** SUPPLIED INFORMATION **
○ ○ ○ ○ ○
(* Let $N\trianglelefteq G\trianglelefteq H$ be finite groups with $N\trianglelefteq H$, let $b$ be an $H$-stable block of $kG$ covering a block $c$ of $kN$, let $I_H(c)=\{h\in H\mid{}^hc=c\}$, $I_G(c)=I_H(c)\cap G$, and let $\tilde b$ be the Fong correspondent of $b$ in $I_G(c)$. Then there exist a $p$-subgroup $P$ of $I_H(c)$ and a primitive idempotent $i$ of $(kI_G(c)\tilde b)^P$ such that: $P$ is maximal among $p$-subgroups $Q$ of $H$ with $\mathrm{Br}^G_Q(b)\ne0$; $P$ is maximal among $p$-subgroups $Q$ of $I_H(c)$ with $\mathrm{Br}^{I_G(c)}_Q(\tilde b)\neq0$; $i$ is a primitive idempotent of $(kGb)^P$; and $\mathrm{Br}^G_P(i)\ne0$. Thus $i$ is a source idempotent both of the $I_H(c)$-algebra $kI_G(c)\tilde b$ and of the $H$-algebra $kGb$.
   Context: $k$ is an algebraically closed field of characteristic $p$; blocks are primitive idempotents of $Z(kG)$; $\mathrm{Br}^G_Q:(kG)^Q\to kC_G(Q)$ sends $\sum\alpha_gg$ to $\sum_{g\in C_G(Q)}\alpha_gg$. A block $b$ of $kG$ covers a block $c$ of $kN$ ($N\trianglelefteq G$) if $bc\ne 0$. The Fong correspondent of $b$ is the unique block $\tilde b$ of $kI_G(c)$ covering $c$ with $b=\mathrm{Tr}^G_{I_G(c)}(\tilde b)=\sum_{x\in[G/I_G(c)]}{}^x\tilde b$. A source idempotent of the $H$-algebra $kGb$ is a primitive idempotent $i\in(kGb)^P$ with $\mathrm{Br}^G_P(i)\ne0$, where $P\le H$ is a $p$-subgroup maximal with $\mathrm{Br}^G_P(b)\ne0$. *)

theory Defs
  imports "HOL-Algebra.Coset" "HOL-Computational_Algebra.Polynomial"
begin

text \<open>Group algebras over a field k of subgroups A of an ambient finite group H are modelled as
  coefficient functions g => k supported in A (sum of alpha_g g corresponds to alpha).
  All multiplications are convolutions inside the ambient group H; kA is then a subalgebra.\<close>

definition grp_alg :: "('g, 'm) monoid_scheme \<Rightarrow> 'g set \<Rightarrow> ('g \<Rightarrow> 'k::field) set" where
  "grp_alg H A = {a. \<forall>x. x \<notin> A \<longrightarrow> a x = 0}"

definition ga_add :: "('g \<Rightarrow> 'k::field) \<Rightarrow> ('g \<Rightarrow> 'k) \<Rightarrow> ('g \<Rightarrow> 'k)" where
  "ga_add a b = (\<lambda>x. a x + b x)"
○ ○ ○ ○ ○
** WHAT TO WORK ON **
Above are the entries; return each one exactly.

** WRITTEN SOLUTION **
(* Let $N\trianglelefteq G\trianglelefteq H$ be finite groups with $N\trianglelefteq H$, let $b$ be an $H$-stable block of $kG$ covering a block $c$ of $kN$, let $I_H(c)=\{h\in H\mid{}^hc=c\}$, $I_G(c)=I_H(c)\cap G$, and let $\tilde b$ be the Fong correspondent of $b$ in $I_G(c)$. Then there exist a $p$-subgroup $P$ of $I_H(c)$ and a primitive idempotent $i$ of $(kI_G(c)\tilde b)^P$ such that: $P$ is maximal among $p$-subgroups $Q$ of $H$ with $\mathrm{Br}^G_Q(b)\ne0$; $P$ is maximal among $p$-subgroups $Q$ of $I_H(c)$ with $\mathrm{Br}^{I_G(c)}_Q(\tilde b)\neq0$; $i$ is a primitive idempotent of $(kGb)^P$; and $\mathrm{Br}^G_P(i)\ne0$. Thus $i$ is a source idempotent both of the $I_H(c)$-algebra $kI_G(c)\tilde b$ and of the $H$-algebra $kGb$.
   Context: $k$ is an algebraically closed field of characteristic $p$; blocks are primitive idempotents of $Z(kG)$; $\mathrm{Br}^G_Q:(kG)^Q\to kC_G(Q)$ sends $\sum\alpha_gg$ to $\sum_{g\in C_G(Q)}\alpha_gg$. A block $b$ of $kG$ covers a block $c$ of $kN$ ($N\trianglelefteq G$) if $bc\ne 0$. The Fong correspondent of $b$ is the unique block $\tilde b$ of $kI_G(c)$ covering $c$ with $b=\mathrm{Tr}^G_{I_G(c)}(\tilde b)=\sum_{x\in[G/I_G(c)]}{}^x\tilde b$. A source idempotent of the $H$-algebra $kGb$ is a primitive idempotent $i\in(kGb)^P$ with $\mathrm{Br}^G_P(i)\ne0$, where $P\le H$ is a $p$-subgroup maximal with $\mathrm{Br}^G_P(b)\ne0$. *)

theory Defs
  imports "HOL-Algebra.Coset" "HOL-Computational_Algebra.Polynomial"
begin

text \<open>Group algebras over a field k of subgroups A of an ambient finite group H are modelled as
  coefficient functions g => k supported in A (sum of alpha_g g corresponds to alpha).
  All multiplications are convolutions inside the ambient group H; kA is then a subalgebra.\<close>

definition grp_alg :: "('g, 'm) monoid_scheme \<Rightarrow> 'g set \<Rightarrow> ('g \<Rightarrow> 'k::field) set" where
  "grp_alg H A = {a. \<forall>x. x \<notin> A \<longrightarrow> a x = 0}"

definition ga_add :: "('g \<Rightarrow> 'k::field) \<Rightarrow> ('g \<Rightarrow> 'k) \<Rightarrow> ('g \<Rightarrow> 'k)" where
  "ga_add a b = (\<lambda>x. a x + b x)"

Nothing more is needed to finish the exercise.